EECS 351-1 Grading Sheet: Project B Win 2017
J. Tumblin 1/11/2017

_________10% All file-naming correct + clear illustrated PDF report with name, netID, title, goals, how

to get help, user-guide, 4 results pictures, and sketch of your program’s scene-graph (transform tree)

_________ 5% User instructions: on-screen, or shown when users press ‘help’ key of some kind?
These instructions alone should enable any user to demonstrate all program features.

_________10% Ground-Plane Grid: Project shows horizontal ‘floor’ of repeated shapes or lines that extend nearly
endlessly to all distant horizons, and thus let us easily assess changes to camera position and aiming direction. In the

world coordinate system where +z is ‘up’, the ground plane at z=0 spans x,y coords that appear horizontal on-screen.

_________10% Animated, adjustable 3-Jointed, 4-Segment Shape: draws at least one shape of at least 4 parts

connected by 3 or more sequential joints that move smoothly.

(Joint adjustments MUST NOT CHANGE any cameras or any views!)

_________10% 4 or more Additional Multi-color 3D Shapes placed on ground plane. Each with at least 3

different vertex colors specified, these items create an interesting ‘world’ to explore (fixed, non-jointed objects OK…)

_________ 5% Draw 3D Axes (r,g,b == x,y,z): Draws 3D world-space coord. axes on-screen, and at least one more

set of 3D axes to depict the coordinate system used for a rotatable joint or movable part in the jointed object.

_________15% Simple Diffuse Overhead Shading. At least one moving 3D shape shows orientation-dependent on-

screen vertex colors, smoothly interpolated between vertices. Compute each vertex color from the dot-product of

surface normal and the world-space +z vector in your Vertex Shader program: see Assignment Sheet.

_________10% 2 Side-by-Side Viewports Divides entire browser window evenly into two (2) viewports that always

fill entire window width and at least ¾ of the window height, yet never distort (squash/stretch) the images when users

re-size window for taller or wider images of any size.

_________10% Perspective Camera with 40-degree vertical field-of-view (top-to-bottom) in left viewport, AND

Orthographic Camera view in right viewport. Both cameras share the same eye-point and ‘look-at’ point; choose

your view volume for the orthographic camera to match the perspective camera for objects at distance (far-near)/3.

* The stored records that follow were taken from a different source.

locale tempered_seminorm = ordered_aura R for R :: "'r halo" +
  fixes f :: "'a::comm_ring_1 \<Rightarrow> 'r"
  assumes closed [simp]: "f a \<in> hcarrier R"
    and map_zero [simp]: "f 0 = hzero R" and map_one [simp]: "f 1 = hone R"
    and triangle: "hle R (f (a + b)) (hadd R (f a) (f b))"
    and map_mult: "f (a * b) = hmul R (f a) (f b)"
    and tempered: "tempered_growth R"

lemma tempered_seminormI: "tempered_mult_seminorm R f \<Longrightarrow> tempered_seminorm R f"
  unfolding tempered_mult_seminorm_def mult_seminorm_def gen_seminorm_def is_aura_def
  by (intro tempered_seminorm.intro ordered_aura.intro tempered_seminorm_axioms.intro) auto

context tempered_seminorm
begin

lemma map_power: "f (a ^ n) = hpow R (f a) n"
  by (induct n) (simp_all add: map_mult power_Suc2 del: power_Suc)

lemma map_sum_le_hnat_mult:
  assumes "m \<in> Cr" and "\<And>k. k < n \<Longrightarrow> f (g k) \<preceq> m"
  shows "f (\<Sum>k<n. g k) \<preceq> hnat R n \<otimes> m"
  using assms(2)
proof (induct n)
  case (Suc n)
  have split: "f (\<Sum>k<Suc n. g k) \<preceq> f (\<Sum>k<n. g k) \<oplus> f (g n)"
    using triangle by simp
  have bound: "f (\<Sum>k<n. g k) \<oplus> f (g n) \<preceq> hnat R n \<otimes> m \<oplus> m"
    using Suc \<open>m \<in> Cr\<close> by (intro add_mono) auto
  show ?case
    using le_trans[OF split bound] \<open>m \<in> Cr\<close> by (simp add: distrib_right)
qed (simp add: \<open>m \<in> Cr\<close>)

lemma map_of_nat_le_hnat:
  assumes two: "f 2 \<preceq> er"
  shows "m < 2 ^ j \<Longrightarrow> f (of_nat m) \<preceq> hnat R j"
proof (induct j arbitrary: m)
  case (Suc j)
  have "(of_nat m :: 'a) = of_nat (2 * (m div 2) + m mod 2)"
    by simp
  also have "\<dots> = 2 * of_nat (m div 2) + of_nat (m mod 2)"
    by (simp only: of_nat_add of_nat_mult of_nat_numeral)
  finally have "f (of_nat m) \<preceq> f (2 * of_nat (m div 2)) \<oplus> f (of_nat (m mod 2))"
    using triangle by simp
  then have expand: "f (of_nat m) \<preceq> f 2 \<otimes> f (of_nat (m div 2)) \<oplus> f (of_nat (m mod 2))"
    by (simp only: map_mult)
  have bound: "f 2 \<otimes> f (of_nat (m div 2)) \<oplus> f (of_nat (m mod 2)) \<preceq> er \<otimes> hnat R j \<oplus> er"
  proof (intro add_mono mul_mono two Suc.hyps)
    show "m div 2 < 2 ^ j"
      using Suc.prems by auto
    show "f (of_nat (m mod 2)) \<preceq> er"
      by (cases "m mod 2 = 0") (auto simp: not_mod_2_eq_1_eq_0)
  qed auto
  show ?case
    using le_trans[OF expand bound] by simp
qed simp

lemma map_of_nat_le_one:
  assumes two: "f 2 \<preceq> er"
  shows "f (of_nat n) \<preceq> er"
proof (rule tempered_growthD[OF tempered, of "[:1, n:]"])
  fix k
  have "n ^ k \<le> (2 ^ n) ^ k"
    by (rule power_mono) (auto intro: less_imp_le less_exp)
  also have "\<dots> = 2 ^ (n * k)"
    by (simp add: power_mult)
  also have "\<dots> < 2 ^ (n * k + 1)"
    by simp
  finally have "n ^ k < 2 ^ (n * k + 1)" .
  then have "f (of_nat (n ^ k)) \<preceq> hnat R (n * k + 1)"
    by (rule map_of_nat_le_hnat[OF two])
  then show "hpow R (f (of_nat n)) k \<preceq> hnat R (poly [:1, n:] k)"
    by (simp add: map_power mult.commute)
qed auto

lemma map_add_le:
  assumes two: "f 2 \<preceq> er" and m: "m \<in> Cr" and "f a \<preceq> m" and "f b \<preceq> m"
  shows "f (a + b) \<preceq> m"
proof (rule le_of_power_le_linear_mult_power[OF tempered closed m])
  fix n
  have term_le: "f (of_nat (n choose k) * a ^ k * b ^ (n - k)) \<preceq> hpow R m n" if "k < Suc n" for k
  proof -
    have "f (of_nat (n choose k) * a ^ k * b ^ (n - k))
        = f (of_nat (n choose k)) \<otimes> hpow R (f a) k \<otimes> hpow R (f b) (n - k)"
      by (simp add: map_mult map_power)
    also have "\<dots> \<preceq> er \<otimes> hpow R m k \<otimes> hpow R m (n - k)"
      using assms by (intro mul_mono map_of_nat_le_one hpow_mono) auto
    also have "\<dots> = hpow R m n"
      using that m by (simp flip: hpow_add)
    finally show ?thesis .
  qed
  have "(a + b) ^ n = (\<Sum>k<Suc n. of_nat (n choose k) * a ^ k * b ^ (n - k))"
    unfolding binomial_ring lessThan_Suc_atMost ..
  then have "hpow R (f (a + b)) n = f (\<Sum>k<Suc n. of_nat (n choose k) * a ^ k * b ^ (n - k))"
    by (simp flip: map_power)
  also have "\<dots> \<preceq> hnat R (Suc n) \<otimes> hpow R m n"
    using m term_le by (intro map_sum_le_hnat_mult) auto
  finally show "hpow R (f (a + b)) n \<preceq> hnat R (Suc n) \<otimes> hpow R m n" .
qed

lemma nonarchimedean: "f 2 \<preceq> er \<Longrightarrow> f (a + b) \<preceq> f a \<or> f (a + b) \<preceq> f b"
  using le_total[of "f a" "f b"] map_add_le[of "f a" a b] map_add_le[of "f b" a b] by auto

end

locale ordered_group =
  fixes G :: "'g ogroup"
  assumes ordered_abgroup: "tot_ord_abgroup G"
begin

abbreviation "Gc \<equiv> gcarrier G"

lemma gone_closed [simp]: "gone G \<in> Gc"
  and gmul_closed [simp]: "x \<in> Gc \<Longrightarrow> y \<in> Gc \<Longrightarrow> gmul G x y \<in> Gc"
  and gmul_comm: "x \<in> Gc \<Longrightarrow> y \<in> Gc \<Longrightarrow> gmul G x y = gmul G y x"
  and gmul_assoc:
    "x \<in> Gc \<Longrightarrow> y \<in> Gc \<Longrightarrow> w \<in> Gc \<Longrightarrow> gmul G (gmul G x y) w = gmul G x (gmul G y w)"
  and gmul_one_left [simp]: "x \<in> Gc \<Longrightarrow> gmul G (gone G) x = x"
  and ginverse_exists: "x \<in> Gc \<Longrightarrow> \<exists>y\<in>Gc. gmul G x y = gone G"
  and gle_refl [simp]: "x \<in> Gc \<Longrightarrow> gle G x x"
  and gle_antisym: "x \<in> Gc \<Longrightarrow> y \<in> Gc \<Longrightarrow> gle G x y \<Longrightarrow> gle G y x \<Longrightarrow> x = y"
  and gle_trans:
    "x \<in> Gc \<Longrightarrow> y \<in> Gc \<Longrightarrow> w \<in> Gc \<Longrightarrow> gle G x y \<Longrightarrow> gle G y w \<Longrightarrow> gle G x w"
  and gle_total: "x \<in> Gc \<Longrightarrow> y \<in> Gc \<Longrightarrow> gle G x y \<or> gle G y x"
  and gmul_right_mono:
    "x \<in> Gc \<Longrightarrow> y \<in> Gc \<Longrightarrow> w \<in> Gc \<Longrightarrow> gle G x y \<Longrightarrow> gle G (gmul G x w) (gmul G y w)"
  using ordered_abgroup unfolding tot_ord_abgroup_def by (elim conjE; meson)+

lemma gmul_left_mono:
  "x \<in> Gc \<Longrightarrow> y \<in> Gc \<Longrightarrow> w \<in> Gc \<Longrightarrow> gle G x y \<Longrightarrow> gle G (gmul G w x) (gmul G w y)"
  using gmul_right_mono gmul_comm by metis

definition gmax :: "'g \<Rightarrow> 'g \<Rightarrow> 'g" where
  "gmax a b = (if gle G a b then b else a)"

lemma gmax_closed [simp]: "a \<in> Gc \<Longrightarrow> b \<in> Gc \<Longrightarrow> gmax a b \<in> Gc"
  by (simp add: gmax_def)

lemma gmax_comm: "a \<in> Gc \<Longrightarrow> b \<in> Gc \<Longrightarrow> gmax a b = gmax b a"
  unfolding gmax_def using gle_antisym gle_total by metis

lemma gmax_assoc: "a \<in> Gc \<Longrightarrow> b \<in> Gc \<Longrightarrow> c \<in> Gc \<Longrightarrow> gmax (gmax a b) c = gmax a (gmax b c)"
  unfolding gmax_def using gle_antisym gle_total gle_trans by (smt (verit))

lemma gmul_gmax_distrib:
  assumes "a \<in> Gc" "b \<in> Gc" "c \<in> Gc"
  shows "gmul G a (gmax b c) = gmax (gmul G a b) (gmul G a c)"
proof (cases "gle G b c")
  case True
  then show ?thesis
    using gmul_left_mono assms by (simp add: gmax_def)
next
  case False
  then have "gle G (gmul G a c) (gmul G a b)"
    using gmul_left_mono gle_total assms by blast
  then show ?thesis
    using False assms gle_antisym[of "gmul G a b" "gmul G a c"] by (auto simp: gmax_def)
qed

lemma gmax_mono: "a \<in> Gc \<Longrightarrow> b \<in> Gc \<Longrightarrow> c \<in> Gc \<Longrightarrow> gle G a b \<Longrightarrow> gle G (gmax a c) (gmax b c)"
  unfolding gmax_def using gle_total gle_trans by (smt (verit) gle_refl)

lemma gmax_ge1: "a \<in> Gc \<Longrightarrow> b \<in> Gc \<Longrightarrow> gle G a (gmax a b)"
  and gmax_ge2: "a \<in> Gc \<Longrightarrow> b \<in> Gc \<Longrightarrow> gle G b (gmax a b)"
  unfolding gmax_def using gle_total by auto

lemma RGamma_hadd:
  "hadd (RGamma G) x y =
     (case x of None \<Rightarrow> y | Some a \<Rightarrow> (case y of None \<Rightarrow> x | Some b \<Rightarrow> Some (gmax a b)))"
  unfolding gmax_def RGamma_def by simp

lemma RGamma_simps:
  "hcarrier (RGamma G) = insert None (Some ` Gc)"
  "hzero (RGamma G) = None"
  "hone (RGamma G) = Some (gone G)"
  "hmul (RGamma G) x y =
     (case x of None \<Rightarrow> None | Some a \<Rightarrow> (case y of None \<Rightarrow> None | Some b \<Rightarrow> Some (gmul G a b)))"
  "hle (RGamma G) x y =
     (case x of None \<Rightarrow> True | Some a \<Rightarrow> (case y of None \<Rightarrow> False | Some b \<Rightarrow> gle G a b))"
  by (simp_all add: RGamma_def)

lemma RGamma_is_halo: "is_halo (RGamma G)"
  unfolding is_halo_def comm_semiring_on_def partial_order_on_halo_def order_compatible_def
    RGamma_hadd RGamma_simps
  by (auto simp: gmul_assoc gmax_assoc gmul_gmax_distrib gmul_right_mono gmax_mono
      dest: gle_antisym intro: gle_trans)
    (blast intro: gmax_comm gmul_comm gmax_ge2)+

lemma RGamma_is_semifield: "is_semifield (RGamma G)"
  unfolding is_semifield_def RGamma_simps by (auto dest: ginverse_exists)

lemma RGamma_positive: "halo_positive (RGamma G)"
  unfolding halo_positive_def RGamma_simps by simp

lemma RGamma_total: "halo_total (RGamma G)"
  unfolding halo_total_def RGamma_simps using gle_total by auto

lemma RGamma_ordered_aura: "ordered_aura (RGamma G)"
  by (simp add: ordered_aura_def RGamma_is_halo RGamma_is_semifield RGamma_positive RGamma_total)

lemma RGamma_le_hadd1:
    "x \<in> hcarrier (RGamma G) \<Longrightarrow> y \<in> hcarrier (RGamma G) \<Longrightarrow> hle (RGamma G) x (hadd (RGamma G) x y)"
  and RGamma_le_hadd2:
    "x \<in> hcarrier (RGamma G) \<Longrightarrow> y \<in> hcarrier (RGamma G) \<Longrightarrow> hle (RGamma G) y (hadd (RGamma G) x y)"
  unfolding RGamma_hadd RGamma_simps by (auto simp: gmax_ge1 gmax_ge2)

lemma RGamma_hnat_Suc: "hnat (RGamma G) (Suc k) = Some (gone G)"
  by (induct k) (simp_all add: RGamma_hadd RGamma_simps gmax_def)

lemma RGamma_tempered_growth: "tempered_growth (RGamma G)"
  unfolding tempered_growth_def
proof (intro allI impI ballI)
  fix P :: "nat poly" and x
  assume "P \<noteq> 0" and x: "x \<in> hcarrier (RGamma G)"
    and bound: "\<forall>n. hle (RGamma G) (hpow (RGamma G) x n) (hpoly_eval (RGamma G) P n)"
  from \<open>P \<noteq> 0\<close> have "poly P 1 \<noteq> 0"
    by (auto simp: poly_altdef intro!: bexI[of _ "degree P"] gr0I)
  then obtain k where k: "poly P 1 = Suc k"
    using not0_implies_Suc by blast
  have "hpow (RGamma G) x 1 = x"
    using ordered_aura.mul_one_left[OF RGamma_ordered_aura x] by simp
  then have "hle (RGamma G) x (hnat (RGamma G) (poly P 1))"
    using bound[rule_format, of 1]
    by (simp add: ordered_aura.hpoly_eval_eq_hnat_poly[OF RGamma_ordered_aura])
  then show "hle (RGamma G) x (hone (RGamma G))"
    by (simp only: k RGamma_hnat_Suc RGamma_simps(3))
qed

end

lemma krull_valuation_tempered:
  "krull_valuation G v \<Longrightarrow> tempered_mult_seminorm (RGamma G) v"
  unfolding tempered_mult_seminorm_def krull_valuation_def
  using ordered_group.RGamma_tempered_growth ordered_group_def by blast

lemma seminorm_equiv_iff_mult_equiv:
  assumes "\<And>a b. f1 (a * b) = hmul R1 (f1 a) (f1 b)" and "\<And>a b. f2 (a * b) = hmul R2 (f2 a) (f2 b)"
  shows "seminorm_equiv R1 f1 R2 f2 \<longleftrightarrow> mult_equiv R1 f1 R2 f2"
  unfolding seminorm_equiv_def mult_equiv_def
  by (metis assms mult_1_right)

lemma mult_equiv_le_one_iff:
  assumes "mult_equiv R1 f1 R2 f2" and "gen_seminorm R1 f1" and "gen_seminorm R2 f2"
  shows "hle R1 (f1 a) (hone R1) \<longleftrightarrow> hle R2 (f2 a) (hone R2)"
proof -
  interpret R1: ordered_aura R1
    using assms(2) by (simp add: gen_seminorm_def ordered_aura_def is_aura_def)
  interpret R2: ordered_aura R2
    using assms(3) by (simp add: gen_seminorm_def ordered_aura_def is_aura_def)
  show ?thesis
    using assms unfolding mult_equiv_def gen_seminorm_def by (metis R1.mul_one_right R2.mul_one_right)
qed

_________15% Smoothly adjustable 3D View Control: User interaction provides smoothly adjustable, unrestricted

viewpoint control: be able to aim camera in any direction without changing position: be able to move
forward/backward in the direction of gaze, and slide sideways left/right from any 3D position; (HINT: ‘glass

cylinder’ method).

===========================================================================
_________3% extra credit: user adjustable asymmetric camera; make all 6 frustum parameters individually user-

_________3% extra credit: User can switch Perspective camera to show view from the end segment of the animated
4-segment shape. For a robot arm, attach the camera to the robot’s finger, aimed where the finger points as it moves.

_________3% extra credit: ‘flying-airplane’ navigation controls: forward velocity; aiming by roll, pitch, yaw…

_________3% extra credit: quanternion-based ‘trackball’ control of orientation for at least one on-screen object.

Mouse dragging must change the on-screen orientation of the object as if it were enclosed in an invisible sphere that
we rotate by ‘dragging’ its surface with the mouse.

=====================TOTAL POINTS/100 (24% of final grade)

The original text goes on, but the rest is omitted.